How to jit custom module | ParallelModuleList implementation for GRU

Hey there!

I am trying to implement a model where each ‘pixel’ of the input should run through its own GRU cell (instead of using the feature input of GRU by flattening and flattening the image).
This forces me to loop over a ModuleList of GRU’s to forward pass each pixel.
I am trying to speed it it up using TorchScript but without success. : (
I want to use this custom module during training.

This is my module:

class ParallelGruList(nn.Module):

    def __init__(self, input_size, hidden_size, num_grus, device):
        self.num_grus = num_grus
        self.input_size = input_size
        self.hidden_size = hidden_size
        self.device = device  #  passing the device for torch script

        self.grus = nn.ModuleList(self.get_gru() for _ in range(self.num_grus)).to(device)

    def get_gru(self):
        return nn.GRU(input_size=self.input_size,

    def forward(self, x):

        batch_size = x.shape[0]
        sequence_length = x.shape[1]

        output = torch.zeros((batch_size, sequence_length, 10, self.num_grus), dtype=torch.float32, device=self.device)

        for i, gru in enumerate(self.grus):
            output[:, :, :, i], _ = gru(x[:, :, :, i], None)

        return output

And this is how I test it:

def jit_gru(state, grus):
    start = time.time()
    r = grus(state)
    return time.time() - start

    data = torch.rand(1, 100, 3, 14 * 14, dtype=torch.float32, device=device)
    print('init gru')
if __name__ == '__main__':

    data = torch.rand(1, 100, 3, 14 * 14, dtype=torch.float32, device=device)
    print('init gru')
    grus = ParallelGruList(input_size=3, hidden_size=10, num_grus=14 * 14, device=device).to(device)
    print('run test')
    h = []
    for i in range(10):
        h.append(jit_gru(data, grus))
    print('exe time smart jit', np.mean(h))

Running it like this will generate the following output:

init gru
run test
exe time smart jit 0.2266002893447876

To speed things up I tried to initialize the module by:

grus = torch.jit.script(ParallelGruList(input_size=3, hidden_size=10, num_grus=14 * 14, device=device).to(device))

But this makes it a little slower:

exe time smart jit 0.296830940246582

I also tried to make the ModuleList a constant but this leads to the error:

UserWarning: 'grus' was found in ScriptModule constants,  but it is a non-constant submodule. Consider removing it.
  warnings.warn("'{}' was found in ScriptModule constants, "
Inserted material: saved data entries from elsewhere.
(* Let $M$ be a list of integers and let $\lambda$, $n$ and $m\ge3$ be positive integers. Suppose there is an $(M,m,2)$-decomposition of $\lambda K_n$ in which an $m$-cycle and a $2$-cycle share at least one vertex. Then there is an $(M,m-1,3)$-decomposition of $\lambda K_n$.
   Context: Graphs may have multiple edges but no loops. $\lambda K_n$ is the complete multigraph on $n$ vertices with $\lambda$ edges joining each pair of distinct vertices. For $m\ge 2$, an $m$-cycle is a cycle with $m$ edges; a $2$-cycle consists of two parallel edges. A list is a finite multiset of integers. $(M,a,b)$ denotes $M$ with entries $a,b$ appended. Let $K$ be a graph and let $M=(m_1,\dots,m_t)$ be a list with every $m_i\ge 2$. If every vertex of $K$ has even degree, an $(M)$-decomposition of $K$ is a decomposition $\{G_1,\dots,G_t\}$ of $K$ in which $G_i$ is an $m_i$-cycle for each $i$. If every vertex of $K$ has odd degree, an $(M)$-decomposition of $K$ is a decomposition $\{G_1,\dots,G_t,I\}$ of $K$ in which $G_i$ is an $m_i$-cycle for each $i$ and $I$ is a perfect matching. *)

theory Defs
  imports "HOL-Library.Multiset"
begin

text \<open>A multigraph on vertex set V is given by a multiset of edges; an edge is a
  2-element set of vertices (so multiple edges are allowed, loops are not).\<close>

type_synonym mgraph = "nat set multiset"

definition complete_multigraph :: "nat \<Rightarrow> nat \<Rightarrow> mgraph" where
  "complete_multigraph lam n =
     (\<Sum>e\<in>{e. \<exists>i j. i < n \<and> j < n \<and> i \<noteq> j \<and> e = {i, j}}. replicate_mset lam e)"

definition degree :: "mgraph \<Rightarrow> nat \<Rightarrow> nat" where
  "degree E v = size (filter_mset (\<lambda>e. v \<in> e) E)"

text \<open>An m-cycle, given by its cyclic list of distinct vertices (m \<ge> 2;
  for m = 2 it consists of two parallel edges).\<close>
definition cycle_edges :: "nat list \<Rightarrow> mgraph" where
  "cycle_edges vs =
     mset (map (\<lambda>i. {vs ! i, vs ! ((i + 1) mod length vs)}) [0..<length vs])"

definition is_cycle :: "nat \<Rightarrow> nat list \<Rightarrow> bool" where
  "is_cycle m vs \<longleftrightarrow> m \<ge> 2 \<and> length vs = m \<and> distinct vs"

definition perfect_matching :: "nat set \<Rightarrow> mgraph \<Rightarrow> bool" where
  "perfect_matching V I \<longleftrightarrow> (\<forall>e\<in>#I. card e = 2 \<and> e \<subseteq> V) \<and> (\<forall>v\<in>V. degree I v = 1)"

definition is_decomposition :: "nat set \<Rightarrow> mgraph \<Rightarrow> nat list \<Rightarrow> nat list list \<Rightarrow> mgraph \<Rightarrow> bool" where
  "is_decomposition V E M Gs I \<longleftrightarrow>
     length Gs = length M \<and>
     (\<forall>i < length M. is_cycle (M ! i) (Gs ! i)) \<and>
     ( ((\<forall>v\<in>V. even (degree E v)) \<and> I = {#} \<and>
          E = (\<Sum>G\<leftarrow>Gs. cycle_edges G))
     \<or> ((\<forall>v\<in>V. odd (degree E v)) \<and> perfect_matching V I \<and>
          E = (\<Sum>G\<leftarrow>Gs. cycle_edges G) + I))"

definition has_decomposition :: "nat set \<Rightarrow> mgraph \<Rightarrow> nat list \<Rightarrow> bool" where
  "has_decomposition V E M \<longleftrightarrow> (\<exists>Gs I. is_decomposition V E M Gs I)"

end

theory Submission
  imports Defs "HOL-Library.Indicator_Function" "HOL-Combinatorics.Transposition"
begin

text \<open>Let \<open>C\<close> be the \<open>m\<close>-cycle and \<open>[x\<^sub>0, y]\<close> the 2-cycle, and regard the remaining cycles (and
  the perfect matching) as a packing with leave \<open>C + [x\<^sub>0, y]\<close>. Transposing two vertices \<open>a, b\<close>
  in a cycle of the packing, or in one of the two \<open>a\<close>-\<open>b\<close>-paths into which \<open>a\<close> and \<open>b\<close> cut it,
  gives a cycle of the same length and changes, for every other vertex \<open>z\<close>, the number of
  \<open>az\<close>-edges minus \<open>bz\<close>-edges by a sum of two signed unit vectors. A chain argument on these
  vectors (the switching lemma) selects pieces whose simultaneous transposition changes the
  leave in exactly two edges: one at \<open>x\<^sub>0\<close> and one at some further vertex \<open>z\<^sub>1\<close>. Switching \<open>y\<close>
  with a suitable vertex of \<open>C\<close>, every possible \<open>z\<^sub>1\<close> either splits the leave into an
  \<open>(m-1)\<close>-cycle and a 3-cycle, or moves the chord \<open>[x\<^sub>0, y]\<close> one step along \<open>C\<close>; the latter
  can happen only finitely often.\<close>

fun path_edges :: "nat list \<Rightarrow> mgraph" where
  "path_edges (a # b # rest) = add_mset {a, b} (path_edges (b # rest))"
| "path_edges _ = {#}"

lemma path_edges_conv_nth:
  "path_edges xs = mset (map (\<lambda>i. {xs ! i, xs ! (i + 1)}) [0..<length xs - 1])"
proof (induction xs rule: path_edges.induct)
  case (1 a b rest)
  have "[0..<length (a # b # rest) - 1] = 0 # map Suc [0..<length rest]"
    by (simp add: upt_conv_Cons map_Suc_upt del: upt_Suc)
  then show ?case using 1 by (simp add: comp_def)
qed auto

lemma cycle_edges_Cons: "cycle_edges (x # xs) = path_edges (x # xs @ [x])"
proof -
  let ?ys = "x # xs @ [x]"
  have "path_edges ?ys = mset (map (\<lambda>i. {?ys ! i, ?ys ! (i + 1)}) [0..<length xs + 1])"
    by (simp add: path_edges_conv_nth)
  also have "map (\<lambda>i. {?ys ! i, ?ys ! (i + 1)}) [0..<length xs + 1]
      = map (\<lambda>i. {(x # xs) ! i, (x # xs) ! ((i + 1) mod length (x # xs))}) [0..<length (x # xs)]"
  proof (rule map_cong)
    fix i assume "i \<in> set [0..<length (x # xs)]"
    then have i: "i < length xs + 1" by auto
    have "?ys ! i = (x # xs) ! i" using i by (cases i) (auto simp: nth_append)
    moreover have "?ys ! (i + 1) = (x # xs) ! ((i + 1) mod length (x # xs))"
      using i by (cases "i = length xs") (auto simp: nth_append)
    ultimately show "{?ys ! i, ?ys ! (i + 1)} = {(x # xs) ! i, (x # xs) ! ((i + 1) mod length (x # xs))}"
      by simp
  qed simp
  finally show ?thesis by (simp add: cycle_edges_def)
qed

lemma path_edges_append: "path_edges (xs @ y # ys) = path_edges (xs @ [y]) + path_edges (y # ys)"
proof (induction xs)
  case (Cons x xs)
  then show ?case by (cases xs) auto
qed simp

lemma path_edges_snoc:
  "path_edges (ys @ [a]) = (if ys = [] then {#} else add_mset {last ys, a} (path_edges ys))"
  by (induction ys rule: path_edges.induct) auto
lemma nn_integral_prod_laplace_transform:
  fixes X :: "'a \<Rightarrow> nat \<Rightarrow> rmat" and \<nu> :: "nat \<Rightarrow> rmat measure"
  assumes "sigma_finite_measure M"
    and X: "\<And>i. i < n \<Longrightarrow> (\<lambda>\<omega>. X \<omega> i) \<in> borel_measurable M"
    and pd: "AE \<omega> in M. \<forall>i<n. X \<omega> i \<in> pd_mats (q i)"
    and "product_sigma_finite \<nu>"
    and \<nu>: "\<And>i. i < n \<Longrightarrow> laplace_transform_of (q i) (\<nu> i) (\<phi> i)"
    and nonneg: "\<And>i T. i < n \<Longrightarrow> T \<in> pd_mats (q i) \<Longrightarrow> 0 \<le> \<phi> i T"
  shows "(\<integral>\<^sup>+\<omega>. ennreal (\<Prod>i<n. \<phi> i (X \<omega> i)) \<partial>M) =
    (\<integral>\<^sup>+t. (\<integral>\<^sup>+\<omega>. ennreal (\<Prod>i<n. etr_neg (q i) (t i) (X \<omega> i)) \<partial>M) \<partial>PiM {..<n} \<nu>)"
proof -
  interpret product_sigma_finite \<nu> by fact
  interpret pair_sigma_finite M "PiM {..<n} \<nu>"
    unfolding pair_sigma_finite_def using assms(1) sigma_finite[of "{..<n}"] by simp
  have "(\<lambda>p. \<Prod>i<n. etr_neg (q i) (snd p i) (X (fst p) i))
      \<in> borel_measurable (M \<Otimes>\<^sub>M PiM {..<n} \<nu>)"
    using \<nu> X unfolding laplace_transform_of_def
    by (intro borel_measurable_prod borel_measurable_etr_neg measurable_compose[OF measurable_snd]
        measurable_compose[OF measurable_fst] measurable_PiM_entry
        measurable_compose[OF _ measurable_entry]) auto
  then have meas: "(\<lambda>(\<omega>, t). ennreal (\<Prod>i<n. etr_neg (q i) (t i) (X \<omega> i)))
      \<in> borel_measurable (M \<Otimes>\<^sub>M PiM {..<n} \<nu>)"
    by (simp add: case_prod_beta')
  have "(\<integral>\<^sup>+\<omega>. ennreal (\<Prod>i<n. \<phi> i (X \<omega> i)) \<partial>M) =
      (\<integral>\<^sup>+\<omega>. (\<integral>\<^sup>+t. ennreal (\<Prod>i<n. etr_neg (q i) (t i) (X \<omega> i)) \<partial>PiM {..<n} \<nu>) \<partial>M)"
    using pd by (intro nn_integral_cong_AE)
      (auto elim!: eventually_mono intro!: prod_laplace_transform_eq_nn_integral assms(4) \<nu> nonneg)
  also have "\<dots> = (\<integral>\<^sup>+t. (\<integral>\<^sup>+\<omega>. ennreal (\<Prod>i<n. etr_neg (q i) (t i) (X \<omega> i)) \<partial>M) \<partial>PiM {..<n} \<nu>)"
    using Fubini'[OF meas] by simp
  finally show ?thesis .
qed
lemma admissible_target_zero: "admissible_target g \<Longrightarrow> g 0 = 0"
  using admissible_target_odd[of g 0] by simp

text \<open>The Grillakis condition says \<open>(s g s)' > 0\<close>.\<close>

lemma admissible_target_pos:
  assumes g: "admissible_target g" and s: "s > 0"
  shows "g s > 0"
proof -
  have "\<And>x. 0 \<le> x \<Longrightarrow> x \<le> s \<Longrightarrow> ((\<lambda>t. t * g t) has_real_derivative g x + x * deriv g x) (at x)"
    using admissible_target_has_real_derivative[OF g] by (auto intro!: derivative_eq_intros)
  from MVT2[OF s this] obtain z where z: "0 < z" "z < s"
    and mvt: "s * g s - 0 * g 0 = (s - 0) * (g z + z * deriv g z)" by blast
  have "z * deriv g z + g z > 0" using g z(1) unfolding admissible_target_def by blast
  with s mvt have "s * g s > 0" by (simp add: add.commute)
  with s show ?thesis by (simp add: zero_less_mult_iff)
qed

lemma admissible_target_nonneg: "admissible_target g \<Longrightarrow> s \<ge> 0 \<Longrightarrow> g s \<ge> 0"
  using admissible_target_pos[of g s] admissible_target_zero[of g] by (cases "s = 0") auto

lemma admissible_target_ge_half:
  assumes g: "admissible_target g"
  obtains \<delta> where "\<delta> > 0" "\<And>t. 0 \<le> t \<Longrightarrow> t \<le> \<delta> \<Longrightarrow> g t \<ge> t / 2"
proof -
  have "(g has_real_derivative 1) (at 0)"
    using admissible_target_has_real_derivative[OF g, of 0] g unfolding admissible_target_def by simp
  then have "((\<lambda>y. (g y - g 0) / (y - 0)) \<longlongrightarrow> 1) (at 0)"
    by (simp add: has_field_derivative_iff)
  then have "eventually (\<lambda>y. (g y - g 0) / (y - 0) > 1/2) (at 0)"
    by (rule order_tendstoD) simp
  then obtain e where e: "e > 0"
    and quot: "\<And>y. y \<noteq> 0 \<Longrightarrow> dist y 0 < e \<Longrightarrow> (g y - g 0) / (y - 0) > 1/2"
    unfolding eventually_at by blast
  show ?thesis
  proof (rule that[of "e/2"])
    fix t :: real assume t: "0 \<le> t" "t \<le> e / 2"
    show "g t \<ge> t / 2"
    proof (cases "t = 0")
      case False
      with quot[of t] t e have "g t / t > 1/2" by (simp add: admissible_target_zero[OF g])
      with False t show ?thesis by (simp add: field_simps)
    qed (simp add: admissible_target_zero[OF g])
  qed (use e in simp)
qed

lemma odd_continuous_has_even_antiderivative:
  fixes g :: "real \<Rightarrow> real"
  assumes cont: "continuous_on UNIV g" and odd: "\<And>x. g (- x) = - g x"
  obtains G where "\<And>x. (G has_real_derivative g x) (at x)" "G 0 = 0" "\<And>x. G (- x) = G x"
proof -
  have "\<exists>F. \<forall>x. (-\<infinity>::ereal) < ereal x \<longrightarrow> ereal x < \<infinity> \<longrightarrow> (F has_vector_derivative g x) (at x)"
    by (rule einterval_antiderivative) (use cont in \<open>auto simp: continuous_on_eq_continuous_at\<close>)
  then obtain F where F: "\<And>x. (F has_real_derivative g x) (at x)"
    by (auto simp: has_real_derivative_iff_has_vector_derivative)
  define G where "G x = F x - F 0" for x
  have G: "(G has_real_derivative g x) (at x)" for x
    unfolding G_def using F by (auto intro!: derivative_eq_intros)
  have "((\<lambda>y. G (- y) - G y) has_real_derivative 0) (at y)" for y
  proof -
    have "((\<lambda>y. G (- y)) has_real_derivative g (- y) * (- 1)) (at y)"
      by (rule DERIV_chain2[OF G]) (auto intro!: derivative_eq_intros)
    with G[of y] odd[of y] show ?thesis by (auto intro!: derivative_eq_intros)
  qed
  then have "G (- x) - G x = G (- 0) - G 0" for x
    using DERIV_isconst_all by blast
  then show ?thesis using that[of G] G by (simp add: G_def)
qed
I also tried to decorate the get_gru() method with @torch.jit.export but that but that caused the error:

Class GRU does not have an __init__ function defined:

I also tried a couple of other things that made the whole thing usually even slower. I’ve read the JIT reference guide and the documentation of torch.jit.script but I could not find anything that helped.
At this point I am thoroughly clueless.

Could someone point me in the right direction or let me know what I am missing?